Statistical Analysis
The correlation of primary tumor tissue samples and paired plasma samples of ctDNA was assessed by the Fisher exact test. Overall survival (OS) was performed using the Kaplan Meier method and the long rank test. P value <0.05 was considered statistically significant. All statistical analyses were two-sided and performed by GraphPad Prism 7 (GraphPad Software).
Results
The Genomic Characteristics of MBC Patients in Our Cohort
In our study, we retrospectively analyzed mutation profiles of paired plasma and tissue biopsy samples, falling into three distinct molecular subtypes including luminal (n = 29), HER2 positive (n = 8) and triple negative subtypes (n = 8) (Table 1). Six recurrent genes {TP53 (29/45, 64.4%), PIK3CA (21/45, 46.7%), ESR1 (9/45, 20%), ERBB2 (7/45, 15.6%), ATM (7/45, 15.6%), BRCA1 (6/45, 13.3%)} were mutated in more than 13% of patients. The landscape of these highly frequent molecular alterations detected by plasma ctDNA and paired tissue samples is shown for individual patients (Figure 1A). Two of them had no enough tissue because of inadequate tissue or biopsy contraindications.
Figure 1.
(A) The landscape of high-frequency genomic alterations from 45 MBC patients detected in plasma and paired tissue samples is presented. The molecular subtyping and the patient ID numbers were at the up panel. For each gene, alteration in both tissue (down) and plasma (up) were presented, with percentage of prevalence shown on the left. (B) The percentage of mutations detected in our patient samples was compared with that reported in the cBioPortal (https://www.cbioportal.org). (C) The status of HER2 expression was measured by immunohistochemistry (IHC). HER2 gene amplification in tissue and ctDNA was detected by NGS.

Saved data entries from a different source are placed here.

text \<open>For \<psi> in Q_Phi the weights of the cost difference form a nonnegative edge weight under
  which the paths used by G u have minimal weight; a path covered by edges in the support of
  G u then has the same, minimal, weight.\<close>
lemma Q_Phi_cdiff_zero_on_covered:
  assumes finE: "finite E"
    and cost: "\<forall>s<m. \<forall>e\<in>E. \<forall>x\<ge>0. C s e x \<ge> 0"
    and \<Phi>: "\<forall>u<z. \<forall>s<m. \<Phi> u s \<ge> 0"
    and \<psi>: "\<psi> \<in> Q_Phi C m z (od_paths E vo vd) \<Phi> G"
    and u: "u < z" and G: "G u \<in> wardrop C m (od_paths E vo vd) \<phi>"
    and p: "p \<in> od_paths E vo vd" and r: "r \<in> od_paths E vo vd"
    and cov: "\<forall>a\<in>{p, r}. \<forall>e\<in>path_edges a. edge_flow (od_paths E vo vd) (G u) e > 0"
  shows "cdiff C m (od_paths E vo vd) \<Phi> G u p r \<psi> = 0"
proof -
  let ?P = "od_paths E vo vd"
  define h where "h e = (\<Sum>s<m. \<Phi> u s * C s e (edge_flow ?P (G u) e) * \<psi> s)" for e
  have cdiff_h: "cdiff C m ?P \<Phi> G u a b \<psi> = path_weight h a - path_weight h b" for a b
    unfolding h_def by (rule cdiff_eq_path_weight_diff)
  have Gf: "feasible_flow ?P (G u)" using G by (simp add: wardrop_def)
  then have Gnn: "\<forall>p\<in>?P. G u p \<ge> 0" by (simp add: feasible_flow_def)
  have \<psi>Q: "\<forall>p\<in>?P. \<forall>r\<in>?P. G u p > 0 \<longrightarrow>
      ((G u r > 0 \<longrightarrow> cdiff C m ?P \<Phi> G u p r \<psi> = 0) \<and> (G u r = 0 \<longrightarrow> cdiff C m ?P \<Phi> G u p r \<psi> \<le> 0))"
    using \<psi> u by (auto simp: Q_Phi_def)
  have \<psi>_nonneg: "\<forall>s<m. 0 \<le> \<psi> s" using \<psi> by (simp add: Q_Phi_def simplex_def)
  have hnn: "\<forall>e\<in>E. h e \<ge> 0"
    unfolding h_def using cost \<Phi> u \<psi>_nonneg edge_flow_nonneg[OF Gf] by (auto intro!: sum_nonneg)
  define U where "U = {p\<in>?P. G u p > 0}"
  obtain p0 where p0: "p0 \<in> ?P" "G u p0 > 0" using wardrop_min_cost[OF G finite_od_paths[OF finE]] by metis
  have Umin: "\<forall>p\<in>U. path_weight h p = path_weight h p0"
  proof
    fix p assume "p \<in> U"
    then have "cdiff C m ?P \<Phi> G u p0 p \<psi> = 0" using \<psi>Q p0 unfolding U_def by blast
    then show "path_weight h p = path_weight h p0" unfolding cdiff_h by simp
  qed
  have Pmin: "\<forall>r\<in>?P. path_weight h p0 \<le> path_weight h r"
  proof
    fix r assume r: "r \<in> ?P"
    then have "G u r > 0 \<or> G u r = 0" using Gnn by force
    then have "cdiff C m ?P \<Phi> G u p0 r \<psi> \<le> 0" using \<psi>Q p0 r by auto
    then show "path_weight h p0 \<le> path_weight h r" unfolding cdiff_h by simp
  qed
  have covU: "\<forall>e\<in>path_edges a. \<exists>p\<in>U. e \<in> path_edges p" if "a \<in> {p, r}" for a
  proof
    fix e assume "e \<in> path_edges a"
    then have "edge_flow ?P (G u) e \<noteq> 0" using cov that by (metis less_irrefl)
    then obtain p' where p': "p' \<in> ?P" "e \<in> path_edges p'" "G u p' \<noteq> 0"
      unfolding edge_flow_def by (auto elim: sum.not_neutral_contains_not_neutral)
    then have "p' \<in> U" unfolding U_def using Gnn by (auto simp: less_le)
    then show "\<exists>p\<in>U. e \<in> path_edges p" using p'(2) by blast
  qed
  have UP: "U \<subseteq> ?P" and Une: "U \<noteq> {}" using p0 unfolding U_def by auto
  have "path_weight h p = path_weight h p0"
    by (rule covered_path_min_weight[OF hnn UP Une Umin Pmin p covU]) simp
  moreover have "path_weight h r = path_weight h p0"
    by (rule covered_path_min_weight[OF hnn UP Une Umin Pmin r covU]) simp
  ultimately show ?thesis unfolding cdiff_h by simp
qed

text \<open>Directions along which Q_Phi^= fails to be a singleton: the costs are taken at the
  flows G, the support at the flows F.\<close>
definition equality_direction ::
  "(nat \<Rightarrow> ('v \<times> 'v) \<Rightarrow> real \<Rightarrow> real) \<Rightarrow> nat \<Rightarrow> nat \<Rightarrow> 'v list set \<Rightarrow> (nat \<Rightarrow> nat \<Rightarrow> real)
    \<Rightarrow> (nat \<Rightarrow> 'v list \<Rightarrow> real) \<Rightarrow> (nat \<Rightarrow> 'v list \<Rightarrow> real) \<Rightarrow> (nat \<Rightarrow> real) \<Rightarrow> bool" where
  "equality_direction C m z P \<Phi> G F x \<longleftrightarrow> (\<Sum>s<m. \<bar>x s\<bar>) = 1 \<and> (\<Sum>s<m. x s) = 0 \<and>
     (\<forall>u<z. \<forall>p\<in>P. \<forall>r\<in>P. F u p > 0 \<longrightarrow> F u r > 0 \<longrightarrow> cdiff C m P \<Phi> G u p r x = 0)"

text \<open>When the edge support of F lies in that of G, every path used by F is covered by the
  support of G, so the prior and another point of Q_Phi differ by an equality direction.\<close>
lemma not_identifying_imp_equality_direction:
  assumes finE: "finite E"
    and cost: "\<forall>s<m. \<forall>e\<in>E. \<forall>x\<ge>0. C s e x \<ge> 0"
    and \<Phi>: "\<forall>u<z. \<forall>s<m. \<Phi> u s \<ge> 0"
    and qh: "qh \<in> simplex m"
    and G: "\<forall>u<z. G u \<in> wardrop C m (od_paths E vo vd) (posterior m \<Phi> qh u)"
    and N: "\<forall>u<z. (\<Sum>l<m. \<Phi> u l * qh l) > 0"
    and QP: "Q_Phi C m z (od_paths E vo vd) \<Phi> G \<noteq> {qh}"
    and F: "\<forall>u<z. feasible_flow (od_paths E vo vd) (F u)"
    and supp: "\<forall>u<z. \<forall>e\<in>E. edge_flow (od_paths E vo vd) (F u) e > 0 \<longrightarrow>
      edge_flow (od_paths E vo vd) (G u) e > 0"
  shows "\<exists>x. equality_direction C m z (od_paths E vo vd) \<Phi> G F x"
proof -
  let ?P = "od_paths E vo vd"
  have qhQ: "qh \<in> Q_Phi C m z ?P \<Phi> G" by (rule prior_in_Q_Phi[OF qh G N])
  then obtain \<psi> where \<psi>: "\<psi> \<in> Q_Phi C m z ?P \<Phi> G" "\<psi> \<noteq> qh" using QP by blast
  have \<psi>s: "\<psi> \<in> simplex m" using \<psi>(1) by (simp add: Q_Phi_def)
  have "\<exists>s<m. \<psi> s \<noteq> qh s"
  proof (rule ccontr)
    assume "\<not> ?thesis"
    then have "\<psi> s = qh s" for s using \<psi>s qh by (cases "s < m") (auto simp: simplex_def)
    then show False using \<psi>(2) by auto
  qed
  then obtain s0 where s0: "s0 < m" "\<psi> s0 \<noteq> qh s0" by blast
  define M where "M = (\<Sum>s<m. \<bar>\<psi> s - qh s\<bar>)"
  have "\<bar>\<psi> s0 - qh s0\<bar> \<le> M" unfolding M_def by (rule member_le_sum) (use s0 in auto)
  then have M: "M > 0" using s0 by linarith
  define x where "x s = (1/M) * \<psi> s + (-1/M) * qh s" for s
  have x: "x s = (\<psi> s - qh s) / M" for s unfolding x_def by (simp add: diff_divide_distrib)
  have covered: "\<forall>a\<in>{p, r}. \<forall>e\<in>path_edges a. edge_flow ?P (G u) e > 0"
    if "u < z" "p \<in> ?P" "r \<in> ?P" "F u p > 0" "F u r > 0" for u p r
  proof (intro ballI)
    fix a e assume a: "a \<in> {p, r}" and e: "e \<in> path_edges a"
    have "F u a \<le> edge_flow ?P (F u) e"
      unfolding edge_flow_def using a e that F finite_od_paths[OF finE]
      by (intro member_le_sum) (auto simp: feasible_flow_def)
    moreover have "e \<in> E" using a e that by (auto simp: od_paths_def)
    ultimately show "edge_flow ?P (G u) e > 0" using supp a that by fastforce
  qed
  have "equality_direction C m z ?P \<Phi> G F x"
    unfolding equality_direction_def
  proof (intro conjI allI impI ballI)
    show "(\<Sum>s<m. \<bar>x s\<bar>) = 1" unfolding x using M by (simp add: sum_divide_distrib[symmetric] M_def)
    show "(\<Sum>s<m. x s) = 0" unfolding x using \<psi>s qh
      by (simp add: sum_divide_distrib[symmetric] sum_subtractf simplex_def)
    fix u p r assume upr: "u < z" "p \<in> ?P" "r \<in> ?P" "F u p > 0" "F u r > 0"
    note zero = Q_Phi_cdiff_zero_on_covered[where G = G and u = u,
        OF finE cost \<Phi> _ upr(1) G[rule_format, OF upr(1)] upr(2,3) covered[OF upr]]
    have "cdiff C m ?P \<Phi> G u p r \<psi> = 0" "cdiff C m ?P \<Phi> G u p r qh = 0"
      using zero[OF \<psi>(1)] zero[OF qhQ] .
    then show "cdiff C m ?P \<Phi> G u p r x = 0" unfolding x_def cdiff_linear by simp
  qed
  then show ?thesis by blast
qed

lemma Q_eq_Phi_not_singleton:
  assumes q: "q \<in> Q_eq_Phi C m z P \<Phi> F" and l: "equality_direction C m z P \<Phi> F F l"
  shows "Q_eq_Phi C m z P \<Phi> F \<noteq> {q}"
proof
  assume single: "Q_eq_Phi C m z P \<Phi> F = {q}"
  have q_sum: "(\<Sum>s<m. q s) = 1"
    and q_eq: "\<forall>u<z. \<forall>p\<in>P. \<forall>r\<in>P. F u p > 0 \<longrightarrow> F u r > 0 \<longrightarrow> cdiff C m P \<Phi> F u p r q = 0"
    using q by (simp_all add: Q_eq_Phi_def)
  have l_abs: "(\<Sum>s<m. \<bar>l s\<bar>) = 1" and l_sum: "(\<Sum>s<m. l s) = 0"
    and l_eq: "\<forall>u<z. \<forall>p\<in>P. \<forall>r\<in>P. F u p > 0 \<longrightarrow> F u r > 0 \<longrightarrow> cdiff C m P \<Phi> F u p r l = 0"
    using l by (simp_all add: equality_direction_def)
  define \<psi> where "\<psi> s = (if s < m then q s + l s else 0)" for s
  have \<psi>_cdiff: "cdiff C m P \<Phi> F u p r \<psi> = cdiff C m P \<Phi> F u p r (\<lambda>s. 1 * q s + 1 * l s)" for u p r
    unfolding cdiff_def by (rule sum.cong) (auto simp: \<psi>_def)
  have "\<psi> \<in> Q_eq_Phi C m z P \<Phi> F"
    unfolding Q_eq_Phi_def
  proof (intro CollectI conjI allI impI ballI)
    show "\<psi> s = 0" if "m \<le> s" for s using that by (simp add: \<psi>_def)
    show "(\<Sum>s<m. \<psi> s) = 1" using q_sum l_sum by (simp add: \<psi>_def sum.distrib)
    fix u p r assume "u < z" "p \<in> P" "r \<in> P" "F u p > 0" "F u r > 0"
    then show "cdiff C m P \<Phi> F u p r \<psi> = 0"
      using q_eq l_eq unfolding \<psi>_cdiff cdiff_linear by simp
  qed
  then have "\<psi> = q" using single by blast
  then have "q s + l s = q s" if "s < m" for s using \<psi>_def[of s] that by simp
  then have "l s = 0" if "s < m" for s using that by fastforce
  then show False using l_abs by simp
qed

section \<open>Perturbing the prior\<close>

lemma bounded_coordinates_convergent_subseq:
  fixes X :: "nat \<Rightarrow> nat \<Rightarrow> real"
  assumes "\<And>k s. s < m \<Longrightarrow> \<bar>X k s\<bar> \<le> B"
  shows "\<exists>r l. strict_mono r \<and> (\<forall>s<m. (\<lambda>k. X (r k) s) \<longlonglongrightarrow> l s)"
  using assms
proof (induction m)
  case 0
  show ?case by (rule exI[of _ id], rule exI[of _ "\<lambda>_. 0"]) (auto simp: strict_mono_def)
next
  case (Suc m)
  then obtain r l where r: "strict_mono r" "\<forall>s<m. (\<lambda>k. X (r k) s) \<longlonglongrightarrow> l s" by force
  obtain f where f: "strict_mono f" "monoseq (\<lambda>k. X (r (f k)) m)"
    using seq_monosub[of "\<lambda>k. X (r k) m"] by blast
  have "Bseq (\<lambda>k. X (r (f k)) m)" using Suc.prems by (intro BseqI'[of _ B]) auto
  then obtain L where L: "(\<lambda>k. X (r (f k)) m) \<longlonglongrightarrow> L"
    using f(2) Bseq_monoseq_convergent convergent_def by blast
  have "(\<lambda>k. X ((r \<circ> f) k) s) \<longlonglongrightarrow> (l(m := L)) s" if "s < Suc m" for s
  proof (cases "s = m")
    case False
    then have "((\<lambda>k. X (r k) s) \<circ> f) \<longlonglongrightarrow> l s"
      by (intro LIMSEQ_subseq_LIMSEQ) (use that r(2) f(1) in auto)
    then show ?thesis using False by (simp add: comp_def)
  qed (use L in simp)
  moreover have "strict_mono (r \<circ> f)" using r(1) f(1) by (rule strict_mono_o)
  ultimately show ?case by blast
qed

ESR1 mutations were detected exclusively in the ER+ luminal subtypes, comprising 8 ER+/HER2− and 1 ER+/HER2+ patients (Figure 1A). The overall prevalence of ESR1 mutations was 20%, consistent with Jeselsohn's research in 2013 (39/187, 21%) [6]. In addition, ERBB2 mutations were detected in seven samples, including 4 ER+/HER2− and 3 ER−/HER2+ patients (Figure 1A). Subsequently, we investigated whether the frequency of gene mutations in our cohort is similar with TCGA breast cancer database (Figure 1B). Our six recurrent genes presented significantly higher frequency (Figure 1B). This discrepancy may be partially because of the smaller population in our study.

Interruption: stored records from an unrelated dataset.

(* Let $Z$ be a non-degenerate max-stable random variable (i.e. $Z$ arises as a non-degenerate limit in distribution of $a_n\max\{X_1,\dots,X_n\}-b_n$ for some i.i.d. sequence $X_1,X_2,\dots$ and constants $a_n>0$, $b_n\in\mathbb{R}$). Then $Z\in\mathcal{D}^-$ if and only if $Z$ is, up to a transformation $z\mapsto az+b$ with $a>0$, $b\in\mathbb{R}$, a Fréchet distribution with distribution function $F(x)=e^{-x^{-\alpha}}$, $x>0$, with parameter $0<\alpha\le1$.
   Context: For real random variables, $X \le_{st} Y$ means $P(X\le t)\ge P(Y\le t)$ for all $t\in\mathbb{R}$. A real random variable $X$ (equivalently its distribution function $F_X$) belongs to $\mathcal{D}^-$ if for every $n\in\mathbb{N}$, all $\theta_1,\dots,\theta_n\ge 0$ with $\sum_{i=1}^n\theta_i=1$, and i.i.d. random variables $X_1,\dots,X_n$ with distribution $F_X$, we have $X_1\le_{st}\sum_{i=1}^n\theta_iX_i$. *)

theory Defs
  imports "HOL-Probability.Probability"
begin

definition stoch_le :: "real measure \<Rightarrow> real measure \<Rightarrow> bool" where
  "stoch_le X Y \<longleftrightarrow> (\<forall>t. cdf X t \<ge> cdf Y t)"

text \<open>The class D^-: for i.i.d. X_1,...,X_n with distribution M (modelled canonically
  by the product measure), X_1 \<le>st sum theta_i X_i.  Indices are 0..n-1.\<close>
definition D_minus :: "real measure \<Rightarrow> bool" where
  "D_minus M \<longleftrightarrow>
     (\<forall>(n::nat) (\<theta>::nat \<Rightarrow> real).
        (\<forall>i<n. \<theta> i \<ge> 0) \<and> (\<Sum>i<n. \<theta> i) = 1 \<longrightarrow>
        stoch_le M (distr (PiM {..<n} (\<lambda>_. M)) borel (\<lambda>x. \<Sum>i<n. \<theta> i * x i)))"

definition nondegenerate :: "real measure \<Rightarrow> bool" where
  "nondegenerate Z \<longleftrightarrow> (\<forall>c. measure Z {c} < 1)"

text \<open>Max-stable: non-degenerate weak limit of a_n max(X_1..X_n) - b_n for i.i.d. X_i
  with distribution N; the sequence index n corresponds to n+1 variables.\<close>
definition max_stable :: "real measure \<Rightarrow> bool" where
  "max_stable Z \<longleftrightarrow> real_distribution Z \<and> nondegenerate Z \<and>
     (\<exists>N (a::nat \<Rightarrow> real) (b::nat \<Rightarrow> real). real_distribution N \<and> (\<forall>n. a n > 0) \<and>
        weak_conv_m
          (\<lambda>n. distr (PiM {..<Suc n} (\<lambda>_. N)) borel
                 (\<lambda>x. a n * Max (x ` {..<Suc n}) - b n)) Z)"

definition frechet_cdf :: "real \<Rightarrow> real \<Rightarrow> real" where
  "frechet_cdf \<alpha> x = (if x > 0 then exp (- (x powr (- \<alpha>))) else 0)"

end

theory Submission
  imports Defs
begin

text \<open>Let \<open>G\<close> be the distribution function of \<open>Z\<close>. Max-stability gives, for every \<open>t > 0\<close>, an affine
  map with \<open>G(y)\<^sup>t = G(A y + B)\<close>: maxima of about \<open>t n\<close> and of \<open>n\<close> variables, suitably normalised,
  converge to \<open>G\<^sup>t\<close> and to \<open>G\<close>, and convergence of types relates the two normalisations.
  Membership in \<open>D\<^sup>-\<close> with weights \<open>1/2, 1/2\<close> gives the tail bound
  \<open>1 - G t \<le> 2 (1 - G u) + (1 - G w)\<^sup>2\<close> whenever \<open>u + w \<le> 2 t\<close>.
  For \<open>t = 2\<close> the affine map is a shift (Gumbel type), an expansion around a fixed point \<open>p\<close>
  with \<open>G p = 1\<close> (Weibull type), or a contraction around \<open>p\<close> with \<open>G p = 0\<close>; the first two
  contradict the tail bound. In the last case the maps for all \<open>t\<close> fix \<open>p\<close>, so \<open>-ln G(p + s)\<close>
  is a power law and \<open>G\<close> is Frechet, and the tail bound forces \<open>\<alpha> \<le> 1\<close>.
  Conversely, for a Frechet law with \<open>\<alpha> \<le> 1\<close>, the event \<open>\<Sum>\<theta>\<^sub>i X\<^sub>i \<le> t\<close> lies almost surely in
  the box \<open>X\<^sub>i \<le> b + (t - b) / \<theta>\<^sub>i\<close>, whose probability \<open>exp (- v \<Sum>\<theta>\<^sub>i\<^sup>\<alpha>)\<close> is at most
  \<open>exp (- v) = G t\<close> because \<open>\<theta>\<^sup>\<alpha> \<ge> \<theta>\<close>.\<close>

section \<open>Finite powers of a probability space\<close>

lemma measure_PiM_box:
  assumes "prob_space M" "finite I" "\<And>i. i \<in> I \<Longrightarrow> A i \<in> sets M"
  shows "measure (PiM I (\<lambda>_. M)) {x \<in> space (PiM I (\<lambda>_. M)). \<forall>i\<in>I. x i \<in> A i}
           = (\<Prod>i\<in>I. measure M (A i))"
proof -
  interpret product_prob_space "\<lambda>_. M" I
    using assms(1) by (simp add: product_prob_space_def product_sigma_finite_def
        prob_space_imp_sigma_finite product_prob_space_axioms_def)
  have "{x \<in> space (PiM I (\<lambda>_. M)). \<forall>i\<in>I. x i \<in> A i} = prod_emb I (\<lambda>_. M) I (Pi\<^sub>E I A)"
    using assms unfolding prod_emb_def by (auto simp: space_PiM Pi_iff PiE_def extensional_def)
  then show ?thesis using measure_PiM_emb[of I A] assms by simp
qed

lemma box_in_sets_PiM:
  assumes "finite I" "\<And>i. i \<in> I \<Longrightarrow> A i \<in> sets M"
  shows "{x \<in> space (PiM I (\<lambda>_. M)). \<forall>i\<in>I. x i \<in> A i} \<in> sets (PiM I (\<lambda>_. M))"
proof -
  have "{x \<in> space (PiM I (\<lambda>_. M)). \<forall>i\<in>I. x i \<in> A i} = PiE I A"
  proof -
    have "A i \<subseteq> space M" if "i \<in> I" for i
      using assms(2)[OF that] by (rule sets.sets_into_space)
    then show ?thesis by (auto simp: space_PiM PiE_iff extensional_def)
  qed
  then show ?thesis using assms by (simp add: sets_PiM_I_finite)
qed

lemma cdf_affine_Max_PiM:
  assumes "real_distribution N" "a > 0"
  shows "cdf (distr (PiM {..<Suc n} (\<lambda>_. N)) borel (\<lambda>x. a * Max (x ` {..<Suc n}) - b)) y
        = cdf N ((y + b) / a) ^ Suc n"
proof -
  interpret N: real_distribution N by fact
  let ?P = "PiM {..<Suc n} (\<lambda>_. N)" and ?f = "\<lambda>x. a * Max (x ` {..<Suc n}) - b"
  have "?f \<in> borel_measurable ?P" by measurable
  then have "cdf (distr ?P borel ?f) y = measure ?P (?f -` {..y} \<inter> space ?P)"
    unfolding cdf_def by (simp add: measure_distr)
  also have "?f -` {..y} \<inter> space ?P = {x \<in> space ?P. \<forall>i\<in>{..<Suc n}. x i \<in> {..(y+b)/a}}"
  proof -
    have "?f x \<le> y \<longleftrightarrow> Max (x ` {..<Suc n}) \<le> (y+b)/a" for x
      using assms(2) by (simp add: field_simps)
    then show ?thesis by (subst (asm) Max_le_iff) auto
  qed
  also have "measure ?P \<dots> = (\<Prod>i\<in>{..<Suc n}. measure N {..(y+b)/a})"
    by (rule measure_PiM_box) (auto simp: N.prob_space_axioms)
  finally show ?thesis by (simp add: cdf_def)
qed

section \<open>Nondegenerate distribution functions\<close>

definition nondeg_df :: "(real \<Rightarrow> real) \<Rightarrow> bool" where
  "nondeg_df U \<longleftrightarrow> mono U \<and> (\<forall>y. continuous (at_right y) U) \<and> (U \<longlongrightarrow> 0) at_bot \<and>
     (U \<longlongrightarrow> 1) at_top \<and> (\<exists>y. 0 < U y \<and> U y < 1)"

lemma nondeg_df_bounds:
  assumes "nondeg_df U"
  shows "0 \<le> U y" "U y \<le> 1"
proof -
  have mono: "mono U" and bot: "(U \<longlongrightarrow> 0) at_bot" and top: "(U \<longlongrightarrow> 1) at_top"
    using assms by (auto simp: nondeg_df_def)
  have "eventually (\<lambda>x. U x \<le> U y) at_bot"
    using mono by (auto simp: eventually_at_bot_linorder mono_def)
  with bot show "0 \<le> U y" by (rule tendsto_upperbound) simp
  have "eventually (\<lambda>x. U y \<le> U x) at_top"
    using mono by (auto simp: eventually_at_top_linorder mono_def)
  with top show "U y \<le> 1" by (rule tendsto_lowerbound) simp
qed

lemma nondeg_df_not_01:
  assumes "nondeg_df U" "\<And>y. U y = 0 \<or> U y = 1"
  shows False
proof -
  obtain y where "0 < U y" "U y < 1" using assms(1) by (auto simp: nondeg_df_def)
  with assms(2)[of y] show False by auto
qed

Evaluation of the Consistency Between Paired Tissue and Plasma Samples
Anti-HER2 therapies have changed the natural biology of HER2 positive breast cancer [10]. Hence, HER2 assessment is very important in the clinic. Next, we compared the expression of HER2 detected by immunohistochemistry (IHC) and HER2 amplification detected by plasma or tissue-based NGS. In our cohort, 13 patients were found to overexpress HER2 by IHC (Figure 1A and C). Among them, five patients were ER+/HER2+, eight were ER−/HER2+, and one was removed from ER+/HER2+ as unavailable plasma tissue (Figure 1C). HER2 amplification was observed in 13(28.9%) tissues, 7(15.6%) plasma, and 1(2.2%) CSF samples. Of these, seven patients were HER2 amp positive for both tissue and liquid biopsy samples (Figure 1C). Furthermore, three samples negative for HER2 by IHC showed HER2 amplification by plasma or tissue-based NGS. Thus, tissue-based sequencing and plasma-based ctDNA might provide extra insights into HER2 status in MBC patients.
Overall, high concordance was seen in the mutation profiles between tissue and plasma samples (R = 0.96, P < 0.0001) (Figure 2A).
Figure 2.
(A) Correlation analysis between paired tissue and plasma samples. (B∼D) Overall survival analysis according to the state of TP53 mutation.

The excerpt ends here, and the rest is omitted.